HOW TO COMPLETE THIS TASK.
Starting with the first line and ending with the line that holds "A' = (c\<^sub>j\<^sub>i", repeat the material exactly.
[Opening RECORDS FOR THE EXERCISE section]
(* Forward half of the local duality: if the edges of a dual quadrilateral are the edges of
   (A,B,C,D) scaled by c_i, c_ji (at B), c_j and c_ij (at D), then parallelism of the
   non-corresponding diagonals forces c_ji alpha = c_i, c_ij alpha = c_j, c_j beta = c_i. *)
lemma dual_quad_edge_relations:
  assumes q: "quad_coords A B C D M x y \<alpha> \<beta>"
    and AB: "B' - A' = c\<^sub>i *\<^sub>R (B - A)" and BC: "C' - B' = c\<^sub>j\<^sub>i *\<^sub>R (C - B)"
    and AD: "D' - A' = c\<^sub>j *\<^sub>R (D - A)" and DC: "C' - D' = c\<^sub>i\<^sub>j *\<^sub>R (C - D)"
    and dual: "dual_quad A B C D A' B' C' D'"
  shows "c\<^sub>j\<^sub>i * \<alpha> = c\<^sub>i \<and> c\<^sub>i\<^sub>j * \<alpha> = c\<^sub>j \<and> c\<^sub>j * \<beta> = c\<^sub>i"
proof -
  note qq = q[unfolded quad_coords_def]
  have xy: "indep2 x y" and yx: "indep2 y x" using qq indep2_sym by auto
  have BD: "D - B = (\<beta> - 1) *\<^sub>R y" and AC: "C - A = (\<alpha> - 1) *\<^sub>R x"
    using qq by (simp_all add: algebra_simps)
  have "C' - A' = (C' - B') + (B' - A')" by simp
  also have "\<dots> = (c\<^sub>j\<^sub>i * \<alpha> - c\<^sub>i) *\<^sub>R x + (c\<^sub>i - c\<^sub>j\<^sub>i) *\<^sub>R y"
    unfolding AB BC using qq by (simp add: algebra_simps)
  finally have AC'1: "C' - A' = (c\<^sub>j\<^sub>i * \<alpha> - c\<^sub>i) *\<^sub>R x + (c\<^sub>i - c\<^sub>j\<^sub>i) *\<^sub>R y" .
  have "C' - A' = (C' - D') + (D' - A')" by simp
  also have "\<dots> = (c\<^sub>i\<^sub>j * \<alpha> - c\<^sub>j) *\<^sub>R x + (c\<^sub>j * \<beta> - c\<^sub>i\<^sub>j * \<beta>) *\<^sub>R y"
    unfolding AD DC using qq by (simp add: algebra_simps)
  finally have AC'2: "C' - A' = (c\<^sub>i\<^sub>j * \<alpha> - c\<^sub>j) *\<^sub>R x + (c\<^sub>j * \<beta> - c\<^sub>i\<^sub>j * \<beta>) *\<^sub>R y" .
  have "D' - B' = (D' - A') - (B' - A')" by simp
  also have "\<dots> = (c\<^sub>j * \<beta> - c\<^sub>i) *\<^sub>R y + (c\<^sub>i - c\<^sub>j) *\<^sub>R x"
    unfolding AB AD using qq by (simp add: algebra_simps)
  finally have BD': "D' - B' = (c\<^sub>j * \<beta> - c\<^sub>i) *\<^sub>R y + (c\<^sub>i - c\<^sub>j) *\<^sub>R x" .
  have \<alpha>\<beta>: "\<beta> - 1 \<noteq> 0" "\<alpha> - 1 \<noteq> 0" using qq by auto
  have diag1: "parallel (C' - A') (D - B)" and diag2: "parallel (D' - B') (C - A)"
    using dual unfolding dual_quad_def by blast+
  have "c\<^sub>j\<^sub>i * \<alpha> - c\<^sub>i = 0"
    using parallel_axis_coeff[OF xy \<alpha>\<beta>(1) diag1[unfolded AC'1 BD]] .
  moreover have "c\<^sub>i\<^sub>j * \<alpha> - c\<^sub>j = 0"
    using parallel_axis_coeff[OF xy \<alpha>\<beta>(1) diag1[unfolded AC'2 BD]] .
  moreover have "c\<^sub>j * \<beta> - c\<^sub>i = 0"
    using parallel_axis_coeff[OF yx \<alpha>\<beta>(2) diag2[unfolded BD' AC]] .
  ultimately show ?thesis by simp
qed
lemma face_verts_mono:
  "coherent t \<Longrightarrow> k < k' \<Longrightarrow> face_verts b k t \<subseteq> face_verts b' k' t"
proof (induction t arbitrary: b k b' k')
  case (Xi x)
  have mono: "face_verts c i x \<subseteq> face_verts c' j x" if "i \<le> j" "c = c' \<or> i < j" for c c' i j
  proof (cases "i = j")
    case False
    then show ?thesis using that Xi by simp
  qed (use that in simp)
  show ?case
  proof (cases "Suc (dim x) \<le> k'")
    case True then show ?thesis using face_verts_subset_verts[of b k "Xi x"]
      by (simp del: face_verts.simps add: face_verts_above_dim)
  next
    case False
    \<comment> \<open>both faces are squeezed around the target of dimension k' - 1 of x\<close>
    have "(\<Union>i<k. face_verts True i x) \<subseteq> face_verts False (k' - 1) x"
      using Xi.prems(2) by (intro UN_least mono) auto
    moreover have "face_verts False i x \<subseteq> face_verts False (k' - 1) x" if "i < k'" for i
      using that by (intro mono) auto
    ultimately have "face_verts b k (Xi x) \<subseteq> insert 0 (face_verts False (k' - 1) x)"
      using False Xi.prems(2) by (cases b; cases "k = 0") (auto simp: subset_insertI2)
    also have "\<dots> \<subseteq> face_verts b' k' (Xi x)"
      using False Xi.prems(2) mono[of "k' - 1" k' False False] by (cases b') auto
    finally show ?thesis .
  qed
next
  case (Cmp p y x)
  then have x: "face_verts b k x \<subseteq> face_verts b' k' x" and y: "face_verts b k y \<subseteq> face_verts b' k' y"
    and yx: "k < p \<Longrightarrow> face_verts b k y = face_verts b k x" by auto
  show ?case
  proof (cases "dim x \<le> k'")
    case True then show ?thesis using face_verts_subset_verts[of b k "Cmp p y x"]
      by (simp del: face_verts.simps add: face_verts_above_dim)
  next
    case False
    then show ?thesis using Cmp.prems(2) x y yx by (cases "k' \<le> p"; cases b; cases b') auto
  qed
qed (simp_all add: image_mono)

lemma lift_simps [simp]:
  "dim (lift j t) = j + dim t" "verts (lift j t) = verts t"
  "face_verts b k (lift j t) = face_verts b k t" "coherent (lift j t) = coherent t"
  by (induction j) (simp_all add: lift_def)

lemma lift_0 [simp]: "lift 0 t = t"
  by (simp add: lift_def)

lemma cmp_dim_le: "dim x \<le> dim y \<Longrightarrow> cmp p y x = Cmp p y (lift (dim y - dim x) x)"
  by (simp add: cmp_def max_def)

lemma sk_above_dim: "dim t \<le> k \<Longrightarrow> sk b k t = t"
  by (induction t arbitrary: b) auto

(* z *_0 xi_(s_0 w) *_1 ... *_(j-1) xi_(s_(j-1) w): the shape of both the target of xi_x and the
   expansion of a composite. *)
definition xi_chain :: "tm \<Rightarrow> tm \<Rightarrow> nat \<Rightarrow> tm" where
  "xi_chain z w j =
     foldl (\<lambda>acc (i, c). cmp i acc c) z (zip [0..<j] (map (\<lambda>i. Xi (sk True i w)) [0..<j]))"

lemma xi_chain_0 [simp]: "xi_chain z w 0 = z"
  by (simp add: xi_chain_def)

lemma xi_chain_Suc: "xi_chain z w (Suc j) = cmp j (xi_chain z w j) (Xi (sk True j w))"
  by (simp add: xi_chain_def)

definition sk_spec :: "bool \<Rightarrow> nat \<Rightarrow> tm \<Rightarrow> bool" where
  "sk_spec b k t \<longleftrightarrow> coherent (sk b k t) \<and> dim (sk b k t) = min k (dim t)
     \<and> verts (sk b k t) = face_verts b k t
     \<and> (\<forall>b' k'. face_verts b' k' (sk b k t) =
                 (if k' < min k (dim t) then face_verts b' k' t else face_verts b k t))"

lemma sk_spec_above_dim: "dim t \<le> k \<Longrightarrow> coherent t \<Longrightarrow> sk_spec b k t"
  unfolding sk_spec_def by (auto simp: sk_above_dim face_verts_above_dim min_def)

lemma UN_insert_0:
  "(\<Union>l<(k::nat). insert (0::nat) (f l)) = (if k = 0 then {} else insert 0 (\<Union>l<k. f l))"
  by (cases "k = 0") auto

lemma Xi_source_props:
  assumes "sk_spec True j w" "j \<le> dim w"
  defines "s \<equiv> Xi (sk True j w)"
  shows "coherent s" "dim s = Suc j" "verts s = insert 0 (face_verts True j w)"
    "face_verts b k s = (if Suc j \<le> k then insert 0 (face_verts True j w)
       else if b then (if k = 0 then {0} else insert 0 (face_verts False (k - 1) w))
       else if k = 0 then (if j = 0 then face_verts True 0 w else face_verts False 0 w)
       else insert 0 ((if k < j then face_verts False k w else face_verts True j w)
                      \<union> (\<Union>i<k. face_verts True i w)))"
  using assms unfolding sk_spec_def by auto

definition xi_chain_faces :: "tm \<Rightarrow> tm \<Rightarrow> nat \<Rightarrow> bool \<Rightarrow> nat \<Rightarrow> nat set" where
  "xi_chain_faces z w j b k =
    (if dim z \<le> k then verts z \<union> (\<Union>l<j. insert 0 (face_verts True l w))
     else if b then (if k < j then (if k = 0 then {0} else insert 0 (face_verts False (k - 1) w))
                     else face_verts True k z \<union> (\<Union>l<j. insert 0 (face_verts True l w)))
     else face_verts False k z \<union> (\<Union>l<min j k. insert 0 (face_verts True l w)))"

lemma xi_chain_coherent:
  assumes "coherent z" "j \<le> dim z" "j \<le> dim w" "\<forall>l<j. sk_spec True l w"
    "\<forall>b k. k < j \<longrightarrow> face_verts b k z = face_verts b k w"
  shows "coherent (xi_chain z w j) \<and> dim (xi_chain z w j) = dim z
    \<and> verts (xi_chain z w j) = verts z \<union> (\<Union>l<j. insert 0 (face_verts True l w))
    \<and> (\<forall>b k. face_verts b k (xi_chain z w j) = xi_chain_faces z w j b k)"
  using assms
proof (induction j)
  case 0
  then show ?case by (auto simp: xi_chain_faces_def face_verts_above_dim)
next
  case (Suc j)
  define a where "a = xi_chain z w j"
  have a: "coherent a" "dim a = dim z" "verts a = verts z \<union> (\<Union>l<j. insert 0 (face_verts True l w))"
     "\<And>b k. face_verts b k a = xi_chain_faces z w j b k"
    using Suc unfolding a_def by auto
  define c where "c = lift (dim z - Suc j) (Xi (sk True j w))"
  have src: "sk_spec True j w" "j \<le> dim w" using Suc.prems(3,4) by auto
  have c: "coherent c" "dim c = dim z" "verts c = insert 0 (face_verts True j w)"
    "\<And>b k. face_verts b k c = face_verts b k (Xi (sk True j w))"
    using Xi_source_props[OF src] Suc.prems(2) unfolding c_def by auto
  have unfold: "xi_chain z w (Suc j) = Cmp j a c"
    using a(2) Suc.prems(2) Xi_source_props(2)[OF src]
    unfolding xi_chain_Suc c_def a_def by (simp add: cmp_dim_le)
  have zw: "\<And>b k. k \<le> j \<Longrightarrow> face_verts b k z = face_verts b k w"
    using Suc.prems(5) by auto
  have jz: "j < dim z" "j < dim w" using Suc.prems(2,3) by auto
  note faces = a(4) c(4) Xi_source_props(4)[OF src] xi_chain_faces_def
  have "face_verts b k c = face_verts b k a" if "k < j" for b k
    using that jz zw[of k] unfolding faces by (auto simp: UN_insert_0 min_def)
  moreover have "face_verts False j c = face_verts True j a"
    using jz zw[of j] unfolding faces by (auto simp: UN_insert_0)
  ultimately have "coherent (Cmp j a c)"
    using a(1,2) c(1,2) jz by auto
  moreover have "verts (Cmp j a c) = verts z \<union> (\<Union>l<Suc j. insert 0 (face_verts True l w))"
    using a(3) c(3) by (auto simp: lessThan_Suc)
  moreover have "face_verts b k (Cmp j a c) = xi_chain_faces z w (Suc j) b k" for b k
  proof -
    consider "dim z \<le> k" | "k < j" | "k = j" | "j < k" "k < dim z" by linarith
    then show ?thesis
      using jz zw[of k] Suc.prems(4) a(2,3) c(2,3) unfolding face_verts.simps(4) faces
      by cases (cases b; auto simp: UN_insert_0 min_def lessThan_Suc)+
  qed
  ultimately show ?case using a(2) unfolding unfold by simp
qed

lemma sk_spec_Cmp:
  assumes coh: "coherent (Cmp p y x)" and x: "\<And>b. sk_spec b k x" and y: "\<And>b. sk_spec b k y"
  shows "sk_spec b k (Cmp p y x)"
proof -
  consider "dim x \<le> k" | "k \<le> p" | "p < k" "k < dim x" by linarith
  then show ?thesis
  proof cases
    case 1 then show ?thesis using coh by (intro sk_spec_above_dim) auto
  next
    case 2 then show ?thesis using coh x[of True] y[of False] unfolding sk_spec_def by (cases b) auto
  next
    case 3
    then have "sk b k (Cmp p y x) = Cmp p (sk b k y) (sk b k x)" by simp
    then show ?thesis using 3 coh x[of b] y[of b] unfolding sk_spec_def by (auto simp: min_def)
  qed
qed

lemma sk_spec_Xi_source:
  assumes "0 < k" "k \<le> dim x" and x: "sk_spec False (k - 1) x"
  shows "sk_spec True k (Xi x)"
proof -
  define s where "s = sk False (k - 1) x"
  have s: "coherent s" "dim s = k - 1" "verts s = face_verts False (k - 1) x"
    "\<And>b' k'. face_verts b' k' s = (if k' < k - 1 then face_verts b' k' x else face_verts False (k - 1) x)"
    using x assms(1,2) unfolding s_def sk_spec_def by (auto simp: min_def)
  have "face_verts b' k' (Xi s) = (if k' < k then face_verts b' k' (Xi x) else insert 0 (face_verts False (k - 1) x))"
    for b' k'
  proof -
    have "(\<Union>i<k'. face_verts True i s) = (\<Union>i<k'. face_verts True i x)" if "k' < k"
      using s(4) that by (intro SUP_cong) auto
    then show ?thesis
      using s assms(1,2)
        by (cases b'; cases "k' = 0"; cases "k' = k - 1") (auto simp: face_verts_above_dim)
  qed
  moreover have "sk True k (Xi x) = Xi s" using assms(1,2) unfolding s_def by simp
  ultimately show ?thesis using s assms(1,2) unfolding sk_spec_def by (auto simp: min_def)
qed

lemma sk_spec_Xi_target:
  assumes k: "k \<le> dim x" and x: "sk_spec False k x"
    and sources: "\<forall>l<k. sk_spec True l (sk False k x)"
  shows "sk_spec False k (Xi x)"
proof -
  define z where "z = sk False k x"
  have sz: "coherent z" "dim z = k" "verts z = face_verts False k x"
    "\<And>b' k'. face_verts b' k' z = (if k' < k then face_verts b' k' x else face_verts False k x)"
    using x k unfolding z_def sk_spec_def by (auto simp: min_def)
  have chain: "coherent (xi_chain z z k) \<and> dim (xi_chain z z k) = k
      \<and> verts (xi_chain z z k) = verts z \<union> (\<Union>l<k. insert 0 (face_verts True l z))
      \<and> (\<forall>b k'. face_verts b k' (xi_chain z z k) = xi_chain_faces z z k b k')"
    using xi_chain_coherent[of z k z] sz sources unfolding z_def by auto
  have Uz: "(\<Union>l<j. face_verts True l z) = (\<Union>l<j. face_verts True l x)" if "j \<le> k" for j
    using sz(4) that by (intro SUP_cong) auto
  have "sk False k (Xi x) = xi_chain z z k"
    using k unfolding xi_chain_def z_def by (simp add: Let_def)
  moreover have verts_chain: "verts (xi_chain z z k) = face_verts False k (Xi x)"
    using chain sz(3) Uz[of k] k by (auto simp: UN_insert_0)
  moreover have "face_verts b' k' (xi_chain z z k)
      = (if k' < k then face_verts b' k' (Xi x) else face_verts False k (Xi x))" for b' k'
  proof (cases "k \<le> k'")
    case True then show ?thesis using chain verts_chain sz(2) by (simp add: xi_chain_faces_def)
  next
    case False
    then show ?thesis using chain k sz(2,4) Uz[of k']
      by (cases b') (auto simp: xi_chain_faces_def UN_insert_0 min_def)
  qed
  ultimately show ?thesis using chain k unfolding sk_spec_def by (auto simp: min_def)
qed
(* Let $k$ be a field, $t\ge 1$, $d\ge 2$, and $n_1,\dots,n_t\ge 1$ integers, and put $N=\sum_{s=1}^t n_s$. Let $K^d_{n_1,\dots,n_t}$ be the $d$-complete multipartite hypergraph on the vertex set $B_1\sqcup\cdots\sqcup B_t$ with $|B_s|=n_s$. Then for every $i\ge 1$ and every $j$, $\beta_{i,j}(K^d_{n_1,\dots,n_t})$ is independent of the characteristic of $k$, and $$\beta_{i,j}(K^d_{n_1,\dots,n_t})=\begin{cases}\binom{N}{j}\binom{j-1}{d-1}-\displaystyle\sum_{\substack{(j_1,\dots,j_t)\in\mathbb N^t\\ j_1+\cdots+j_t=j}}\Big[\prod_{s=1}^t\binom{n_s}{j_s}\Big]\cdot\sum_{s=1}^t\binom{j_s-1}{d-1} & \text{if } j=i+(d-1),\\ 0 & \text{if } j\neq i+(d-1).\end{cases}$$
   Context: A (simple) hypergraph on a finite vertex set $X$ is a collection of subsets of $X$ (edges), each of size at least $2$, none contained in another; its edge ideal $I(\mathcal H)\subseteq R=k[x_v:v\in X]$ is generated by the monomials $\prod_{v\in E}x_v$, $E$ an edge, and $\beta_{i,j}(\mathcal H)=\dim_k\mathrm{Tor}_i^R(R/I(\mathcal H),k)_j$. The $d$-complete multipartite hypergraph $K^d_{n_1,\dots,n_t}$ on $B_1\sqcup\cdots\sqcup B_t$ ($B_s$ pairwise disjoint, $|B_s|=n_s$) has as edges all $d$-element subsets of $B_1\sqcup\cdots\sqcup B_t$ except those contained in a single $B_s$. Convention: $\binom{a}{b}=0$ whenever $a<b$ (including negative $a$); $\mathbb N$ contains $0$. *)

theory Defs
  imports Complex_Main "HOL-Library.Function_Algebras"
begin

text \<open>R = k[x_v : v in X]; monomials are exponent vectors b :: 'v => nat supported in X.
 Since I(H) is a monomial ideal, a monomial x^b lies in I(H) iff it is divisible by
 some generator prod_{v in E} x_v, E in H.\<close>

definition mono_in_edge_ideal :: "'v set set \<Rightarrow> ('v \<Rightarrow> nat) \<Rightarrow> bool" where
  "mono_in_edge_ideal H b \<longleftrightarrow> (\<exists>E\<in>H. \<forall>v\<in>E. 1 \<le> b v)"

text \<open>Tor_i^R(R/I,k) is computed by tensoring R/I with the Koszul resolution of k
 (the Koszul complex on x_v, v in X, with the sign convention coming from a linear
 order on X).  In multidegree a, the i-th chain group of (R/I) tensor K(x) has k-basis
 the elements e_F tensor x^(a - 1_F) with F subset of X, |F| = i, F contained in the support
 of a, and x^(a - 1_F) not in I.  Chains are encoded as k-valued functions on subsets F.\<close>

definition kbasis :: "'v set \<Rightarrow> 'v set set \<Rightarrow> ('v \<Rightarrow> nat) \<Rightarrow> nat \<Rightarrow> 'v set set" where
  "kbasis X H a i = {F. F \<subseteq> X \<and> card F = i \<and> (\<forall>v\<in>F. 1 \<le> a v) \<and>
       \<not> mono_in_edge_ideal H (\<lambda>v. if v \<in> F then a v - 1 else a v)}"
[Closing RECORDS FOR THE EXERCISE section]
TASK OUTPUT.
(* Forward half of the local duality: if the edges of a dual quadrilateral are the edges of
   (A,B,C,D) scaled by c_i, c_ji (at B), c_j and c_ij (at D), then parallelism of the
   non-corresponding diagonals forces c_ji alpha = c_i, c_ij alpha = c_j, c_j beta = c_i. *)
lemma dual_quad_edge_relations:
  assumes q: "quad_coords A B C D M x y \<alpha> \<beta>"
    and AB: "B' - A' = c\<^sub>i *\<^sub>R (B - A)" and BC: "C' - B' = c\<^sub>j\<^sub>i *\<^sub>R (C - B)"
    and AD: "D' - A' = c\<^sub>j *\<^sub>R (D - A)" and DC: "C' - D' = c\<^sub>i\<^sub>j *\<^sub>R (C - D)"
    and dual: "dual_quad A B C D A' B' C' D'"
  shows "c\<^sub>j\<^sub>i * \<alpha> = c\<^sub>i \<and> c\<^sub>i\<^sub>j * \<alpha> = c\<^sub>j \<and> c\<^sub>j * \<beta> = c\<^sub>i"
proof -
  note qq = q[unfolded quad_coords_def]
  have xy: "indep2 x y" and yx: "indep2 y x" using qq indep2_sym by auto
  have BD: "D - B = (\<beta> - 1) *\<^sub>R y" and AC: "C - A = (\<alpha> - 1) *\<^sub>R x"
    using qq by (simp_all add: algebra_simps)
  have "C' - A' = (C' - B') + (B' - A')" by simp
  also have "\<dots> = (c\<^sub>j\<^sub>i * \<alpha> - c\<^sub>i) *\<^sub>R x + (c\<^sub>i - c\<^sub>j\<^sub>i) *\<^sub>R y"
    unfolding AB BC using qq by (simp add: algebra_simps)
  finally have AC'1: "C' - A' = (c\<^sub>j\<^sub>i * \<alpha> - c\<^sub>i) *\<^sub>R x + (c\<^sub>i - c\<^sub>j\<^sub>i) *\<^sub>R y" .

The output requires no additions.